Was wondering why reflecting telescopes (with a secondary mirror) do not have some kind of hole in the picture at the focus of the telescope. My guess would be that the obstruction is not near enough to the focus. Anyone know?

The confusion here would seem to be in identifying a position on the image with a point of entry on the aperture of the telescope. In reality, the light ray impacts the focal plane at a point determined by its angle of incidence, not its point of entry. For example, the center of the image should nearly correspond with light rays coming parallel to the sides of the telescope. It doesn't matter where these lights rays enter because they're all focused to the same point (or close to it). See this image, for example. Therefore, you shouldn't see a hole, but the obstruction will bring down your total light-gathering power a little bit (some will be absorbed or scattered by the equipment in front of the mirror).

 

[skiboka33]

yeah, that's kind of what I figured. thanks very much.

 

[turbo]

The size of the obstruction of the secondary is fundamental. The smaller the obstruction the more accurate the image (in most cases). You should know that the obstruction posed by the vanes supporting the secondary miror is also important, as high f:l planetary astrophotographers can tell you. Curved vanes will give less-pronounced optical spikes than staright ones.

 

[Labguy]

Was wondering why reflecting telescopes (with a secondary mirror) do not have some kind of hole in the picture at the focus of the telescope. My guess would be that the obstruction is not near enough to the focus. Anyone know?

Any obstruction between the entrance pupil (scope's mirror in a Newtonian or any type Cassegrain) will cause the image to degrade due to diffraction (scatter) as turbo-1 stated. And your question about the "hole in the picture" is a good one and is correct in some cases. A decent Newtonian will average no more than a 20% secondary obstruction and 15% is considered excellent. Most Cassegrain designs have obstructions in the 32% to 38% range, and at low powers they do, in fact, show a "blackout" in the image. This is a common subject on the Astro-equipment forums. The percentages are given in terms of linear proportion, but by area would be a simple conversion. The following is just one of hundreds posted by a knowledgeable amateur:

The obstruction on the 8" is huge, and I was starting to see the center blackout if I went too low in power. Here is a shot of the front of the 10" which is also pretty big to give you a rough idea of the mirror size. The 10" did not show the blackout like the 8" did. If you can figure out a way to reduce the 8" obstruction, I'd be very interested, as otherwise the optics on these scopes seem very good.

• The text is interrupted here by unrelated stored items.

(* Let $P:\mathcal{C}^{\mathrm{op}}\to\mathbf{Pos}$ be a Gödel doctrine. Then for all objects $I,U,X,V,Y$ of $\mathcal{C}$ and all quantifier-free predicates $\psi_D\in P(I\times U\times X)$ and $\phi_D\in P(I\times V\times Y)$ we have \[ i:I\;|\;\exists u.\forall x.\,\psi_D(i,u,x)\vdash\exists v.\forall y.\,\phi_D(i,v,y)\] if and only if there exist arrows $f_0:I\times U\to V$ and $f_1:I\times U\times Y\to X$ of $\mathcal{C}$ such that \[ u:U,y:Y,i:I\;|\;\psi_D(i,u,f_1(i,u,y))\vdash\phi_D(i,f_0(i,u),y).\]
   Context: A doctrine is a functor $P:\mathcal{C}^{\mathrm{op}}\to\mathbf{Pos}$ where $\mathcal{C}$ has finite products; $P_f$ denotes reindexing along $f$. $P$ is existential (resp. universal) if for every product projection $\pi_i:A_1\times A_2\to A_i$ the map $P_{\pi_i}$ has a left adjoint $\exists_{\pi_i}$ (resp. right adjoint $\forall_{\pi_i}$) satisfying Beck–Chevalley: for every pullback of a projection $\pi:X\to A$ along $f:A'\to A$, with projection $\pi':X'\to A'$ and $f':X'\to X$, $\exists_{\pi'}P_{f'}\beta=P_f\exists_\pi\beta$ (resp. $\forall_{\pi'}P_{f'}\beta=P_f\forall_\pi\beta$). Notation: $a_1:A_1,\dots,a_n:A_n\;|\;\phi\vdash\psi$ means $\phi\le\psi$ in $P(A_1\times\dots\times A_n)$; $\exists b.\psi(a,b)$, $\forall b.\psi(a,b)$ denote $\exists_{\pi_A}\psi$, $\forall_{\pi_A}\psi$; substitution of terms (arrows) is reindexing. In an existential doctrine, $\alpha\in P(A)$ is an existential splitting if for every $B$ and $\beta\in P(A\times B)$ with $\alpha\le\exists_{\pi_A}\beta$ there is $g:A\to B$ with $\alpha\le P_{\langle1_A,g\rangle}\beta$; $\alpha\in P(I)$ is existential-free if $P_f\alpha$ is an existential splitting for all $f:A\to I$. In a universal doctrine $Q$, $\alpha\in Q(A)$ is a universal splitting if for every $B$ and $\beta\in Q(A\times B)$ with $\forall_{\pi_A}\beta\le\alpha$ there is $g:A\to B$ with $Q_{\langle1_A,g\rangle}\beta\le\alpha$; $\alpha\in Q(I)$ is universal-free if $Q_f\alpha$ is a universal splitting for all $f:A\to I$. Enough existential-free (resp. universal-free) predicates: every $\alpha\in P(I)$ equals $\exists_{\pi_I}\beta$ (resp. $\forall_{\pi_I}\beta$) for some object $A$ and existential-free (resp. universal-free) $\beta\in P(I\times A)$. A Gödel doctrine is a doctrine $P$ such that: (1) $\mathcal{C}$ is cartesian closed; (2) $P$ is existential and universal; (3) $P$ has enough existential-free predicates; (4) if $\alpha$ is existential-free then $\forall_\pi\alpha$ is existential-free for every projection $\pi$; (5) the sub-doctrine $P'$ of existential-free predicates (universal by (4)) has enough universal-free predicates. A predicate is quantifier-free if it is existential-free in $P$ and universal-free in $P'$. *)

theory Defs
  imports Main
begin

text \<open>A doctrine P : C^op -> Pos over a category C with chosen finite products,
  presented by explicit data: objects/arrows of C, composition, identities,
  chosen binary products, the posets P(A) (as carrier sets with an order indexed
  by the object), reindexing, and quantifiers along the two chosen product
  projections.\<close>

record ('o, 'a, 'p) doctrine =
  Ob   :: "'o set"
  Ar   :: "'a set"
  dm   :: "'a \<Rightarrow> 'o"
  cd   :: "'a \<Rightarrow> 'o"
  cmp  :: "'a \<Rightarrow> 'a \<Rightarrow> 'a"    (* cmp g f = g o f *)
  idt  :: "'o \<Rightarrow> 'a"
  prd  :: "'o \<Rightarrow> 'o \<Rightarrow> 'o"
  pr1  :: "'o \<Rightarrow> 'o \<Rightarrow> 'a"
  pr2  :: "'o \<Rightarrow> 'o \<Rightarrow> 'a"
  pair :: "'a \<Rightarrow> 'a \<Rightarrow> 'a"
  Pr   :: "'o \<Rightarrow> 'p set"
  le   :: "'o \<Rightarrow> 'p \<Rightarrow> 'p \<Rightarrow> bool"
  rdx  :: "'a \<Rightarrow> 'p \<Rightarrow> 'p"
  ex1  :: "'o \<Rightarrow> 'o \<Rightarrow> 'p \<Rightarrow> 'p"   (* along pr1 A B : A x B -> A *)
  ex2  :: "'o \<Rightarrow> 'o \<Rightarrow> 'p \<Rightarrow> 'p"   (* along pr2 A B : A x B -> B *)
  all1 :: "'o \<Rightarrow> 'o \<Rightarrow> 'p \<Rightarrow> 'p"
  all2 :: "'o \<Rightarrow> 'o \<Rightarrow> 'p \<Rightarrow> 'p"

This is because low powers result in large "exit pupils" where the secondary black-out can be seen, in focus. It would be best if you could go to a site with telescope terminology, but I would be happy to post any explanation of terms you might need.

 

[Chronos]

Yep, that's why APO refractors and catadioptic designs yield the highest quality images. I would consider spiking turbo's coffee with Rohypnol to have my way with his APO for an hour.

 

[SpaceTiger]

Most Cassegrain designs have obstructions in the 32% to 38% range, and at low powers they do, in fact, show a "blackout" in the image.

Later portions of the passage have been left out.